▶ [EXERCISE OBJECTIVE]: Retype the records that come next, word for word.

▶ [GIVEN RECORDS]:

(* Let $G=(V,E)$ be a connected undirected unweighted graph in which every node has a self-loop, and let $k\le|V|$ be a positive integer. Let $S^*\in\arg\max_{S\subseteq V,|S|=k}\operatorname{fp}^{\infty}(G^S)$. Let $S'=S'_k$, where $S'_0=\emptyset$ and, for $i=1,\dots,k$, $S'_i=S'_{i-1}\cup\{v_i\}$ with $v_i\in\arg\max_{v\in V\setminus S'_{i-1}}\operatorname{fp}^{\infty}(G^{S'_{i-1}\cup\{v\}})$. Then $\operatorname{fp}^{\infty}(G^{S'})\ge\left(1-\frac1e\right)\operatorname{fp}^{\infty}(G^{S^*})$.
   Context: Positional Voter model. A graph $G=(V,E,w)$ has node set $V$ with $|V|=n$, edge set $E\subseteq V\times V$ and weights $w\colon E\to\mathbb{R}_{>0}$; $\operatorname{in}(u)=\{v\in V:(v,u)\in E\}$. "Undirected unweighted" means $E$ is symmetric and $w\equiv 1$; "self-loop at $u$" means $(u,u)\in E$. A configuration is a set $X\subseteq V$ (the nodes carrying the novel trait $A$). Given a biased set $S\subseteq V$ and bias $\delta\ge 0$, define $f^S_X(v\mid u)=1+\delta$ if $v\in X$ and $u\in S$, and $1$ otherwise. The process $(\mathcal{X}_t)_{t\ge0}$: given $\mathcal{X}_t=X$, a node $u$ is chosen uniformly at random from $V$, then $v\in\operatorname{in}(u)$ is chosen with probability $\frac{f^S_X(v\mid u)\,w(v,u)}{\sum_{x\in\operatorname{in}(u)} f^S_X(x\mid u)\,w(x,u)}$, and $\mathcal{X}_{t+1}=X\cup\{u\}$ if $v\in X$, $\mathcal{X}_{t+1}=X\setminus\{u\}$ otherwise. Define $\operatorname{fp}(G^S,\delta,X)=\mathbb{P}[\exists t\ge0:\mathcal{X}_t=V\mid\mathcal{X}_0=X]$, $\operatorname{fp}(G^S,\delta)=\frac1n\sum_{u\in V}\operatorname{fp}(G^S,\delta,\{u\})$, and $\operatorname{fp}^{\infty}(G^S)=\lim_{\delta\to\infty}\operatorname{fp}(G^S,\delta)$. *)

theory Defs
  imports "HOL-Analysis.Analysis"
begin

text \<open>Positional Voter model on a weighted graph with node set V, edge set E
  and weight function w.  A configuration is a set X of nodes carrying trait A.\<close>

definition in_nbrs :: "('v \<times> 'v) set \<Rightarrow> 'v set \<Rightarrow> 'v \<Rightarrow> 'v set" where
  "in_nbrs E V u = {v \<in> V. (v, u) \<in> E}"

definition fitness :: "'v set \<Rightarrow> real \<Rightarrow> 'v set \<Rightarrow> 'v \<Rightarrow> 'v \<Rightarrow> real" where
  "fitness S \<delta> X v u = (if v \<in> X \<and> u \<in> S then 1 + \<delta> else 1)"

definition copyA_prob ::
  "'v set \<Rightarrow> ('v \<times> 'v) set \<Rightarrow> ('v \<Rightarrow> 'v \<Rightarrow> real) \<Rightarrow> 'v set \<Rightarrow> real \<Rightarrow> 'v set \<Rightarrow> 'v \<Rightarrow> real" where
  "copyA_prob V E w S \<delta> X u =
     (\<Sum>v\<in>in_nbrs E V u \<inter> X. fitness S \<delta> X v u * w v u) /
     (\<Sum>x\<in>in_nbrs E V u. fitness S \<delta> X x u * w x u)"

text \<open>reach_within t X = P[\<exists>s \<le> t. X_s = V | X_0 = X]  (first-step recursion).\<close>
fun reach_within ::
  "'v set \<Rightarrow> ('v \<times> 'v) set \<Rightarrow> ('v \<Rightarrow> 'v \<Rightarrow> real) \<Rightarrow> 'v set \<Rightarrow> real \<Rightarrow> nat \<Rightarrow> 'v set \<Rightarrow> real" where
  "reach_within V E w S \<delta> 0 X = (if X = V then 1 else 0)"
| "reach_within V E w S \<delta> (Suc t) X =
     (if X = V then 1 else
      (1 / real (card V)) * (\<Sum>u\<in>V.
          copyA_prob V E w S \<delta> X u * reach_within V E w S \<delta> t (X \<union> {u})
        + (1 - copyA_prob V E w S \<delta> X u) * reach_within V E w S \<delta> t (X - {u})))"

text \<open>fp(G^S, \<delta>, X) = P[\<exists>t. X_t = V | X_0 = X], the increasing limit of
  the probabilities of hitting V within t steps.\<close>
definition fp_from ::
  "'v set \<Rightarrow> ('v \<times> 'v) set \<Rightarrow> ('v \<Rightarrow> 'v \<Rightarrow> real) \<Rightarrow> 'v set \<Rightarrow> real \<Rightarrow> 'v set \<Rightarrow> real" where
  "fp_from V E w S \<delta> X = (SUP t. reach_within V E w S \<delta> t X)"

▶ [RESPONSE TO THE TASK]:
(* Let $G=(V,E)$ be a connected undirected unweighted graph in which every node has a self-loop, and let $k\le|V|$ be a positive integer. Let $S^*\in\arg\max_{S\subseteq V,|S|=k}\operatorname{fp}^{\infty}(G^S)$. Let $S'=S'_k$, where $S'_0=\emptyset$ and, for $i=1,\dots,k$, $S'_i=S'_{i-1}\cup\{v_i\}$ with $v_i\in\arg\max_{v\in V\setminus S'_{i-1}}\operatorname{fp}^{\infty}(G^{S'_{i-1}\cup\{v\}})$. Then $\operatorname{fp}^{\infty}(G^{S'})\ge\left(1-\frac1e\right)\operatorname{fp}^{\infty}(G^{S^*})$.
   Context: Positional Voter model. A graph $G=(V,E,w)$ has node set $V$ with $|V|=n$, edge set $E\subseteq V\times V$ and weights $w\colon E\to\mathbb{R}_{>0}$; $\operatorname{in}(u)=\{v\in V:(v,u)\in E\}$. "Undirected unweighted" means $E$ is symmetric and $w\equiv 1$; "self-loop at $u$" means $(u,u)\in E$. A configuration is a set $X\subseteq V$ (the nodes carrying the novel trait $A$). Given a biased set $S\subseteq V$ and bias $\delta\ge 0$, define $f^S_X(v\mid u)=1+\delta$ if $v\in X$ and $u\in S$, and $1$ otherwise. The process $(\mathcal{X}_t)_{t\ge0}$: given $\mathcal{X}_t=X$, a node $u$ is chosen uniformly at random from $V$, then $v\in\operatorname{in}(u)$ is chosen with probability $\frac{f^S_X(v\mid u)\,w(v,u)}{\sum_{x\in\operatorname{in}(u)} f^S_X(x\mid u)\,w(x,u)}$, and $\mathcal{X}_{t+1}=X\cup\{u\}$ if $v\in X$, $\mathcal{X}_{t+1}=X\setminus\{u\}$ otherwise. Define $\operatorname{fp}(G^S,\delta,X)=\mathbb{P}[\exists t\ge0:\mathcal{X}_t=V\mid\mathcal{X}_0=X]$, $\operatorname{fp}(G^S,\delta)=\frac1n\sum_{u\in V}\operatorname{fp}(G^S,\delta,\{u\})$, and $\operatorname{fp}^{\infty}(G^S)=\lim_{\delta\to\infty}\operatorname{fp}(G^S,\delta)$. *)

theory Defs
  imports "HOL-Analysis.Analysis"
begin

text \<open>Positional Voter model on a weighted graph with node set V, edge set E
  and weight function w.  A configuration is a set X of nodes carrying trait A.\<close>

definition in_nbrs :: "('v \<times> 'v) set \<Rightarrow> 'v set \<Rightarrow> 'v \<Rightarrow> 'v set" where
  "in_nbrs E V u = {v \<in> V. (v, u) \<in> E}"

definition fitness :: "'v set \<Rightarrow> real \<Rightarrow> 'v set \<Rightarrow> 'v \<Rightarrow> 'v \<Rightarrow> real" where
  "fitness S \<delta> X v u = (if v \<in> X \<and> u \<in> S then 1 + \<delta> else 1)"

definition copyA_prob ::
  "'v set \<Rightarrow> ('v \<times> 'v) set \<Rightarrow> ('v \<Rightarrow> 'v \<Rightarrow> real) \<Rightarrow> 'v set \<Rightarrow> real \<Rightarrow> 'v set \<Rightarrow> 'v \<Rightarrow> real" where
  "copyA_prob V E w S \<delta> X u =
     (\<Sum>v\<in>in_nbrs E V u \<inter> X. fitness S \<delta> X v u * w v u) /
     (\<Sum>x\<in>in_nbrs E V u. fitness S \<delta> X x u * w x u)"

text \<open>reach_within t X = P[\<exists>s \<le> t. X_s = V | X_0 = X]  (first-step recursion).\<close>
fun reach_within ::
  "'v set \<Rightarrow> ('v \<times> 'v) set \<Rightarrow> ('v \<Rightarrow> 'v \<Rightarrow> real) \<Rightarrow> 'v set \<Rightarrow> real \<Rightarrow> nat \<Rightarrow> 'v set \<Rightarrow> real" where
  "reach_within V E w S \<delta> 0 X = (if X = V then 1 else 0)"
| "reach_within V E w S \<delta> (Suc t) X =
     (if X = V then 1 else
      (1 / real (card V)) * (\<Sum>u\<in>V.
          copyA_prob V E w S \<delta> X u * reach_within V E w S \<delta> t (X \<union> {u})
        + (1 - copyA_prob V E w S \<delta> X u) * reach_within V E w S \<delta> t (X - {u})))"

text \<open>fp(G^S, \<delta>, X) = P[\<exists>t. X_t = V | X_0 = X], the increasing limit of
  the probabilities of hitting V within t steps.\<close>
definition fp_from ::
  "'v set \<Rightarrow> ('v \<times> 'v) set \<Rightarrow> ('v \<Rightarrow> 'v \<Rightarrow> real) \<Rightarrow> 'v set \<Rightarrow> real \<Rightarrow> 'v set \<Rightarrow> real" where
  "fp_from V E w S \<delta> X = (SUP t. reach_within V E w S \<delta> t X)"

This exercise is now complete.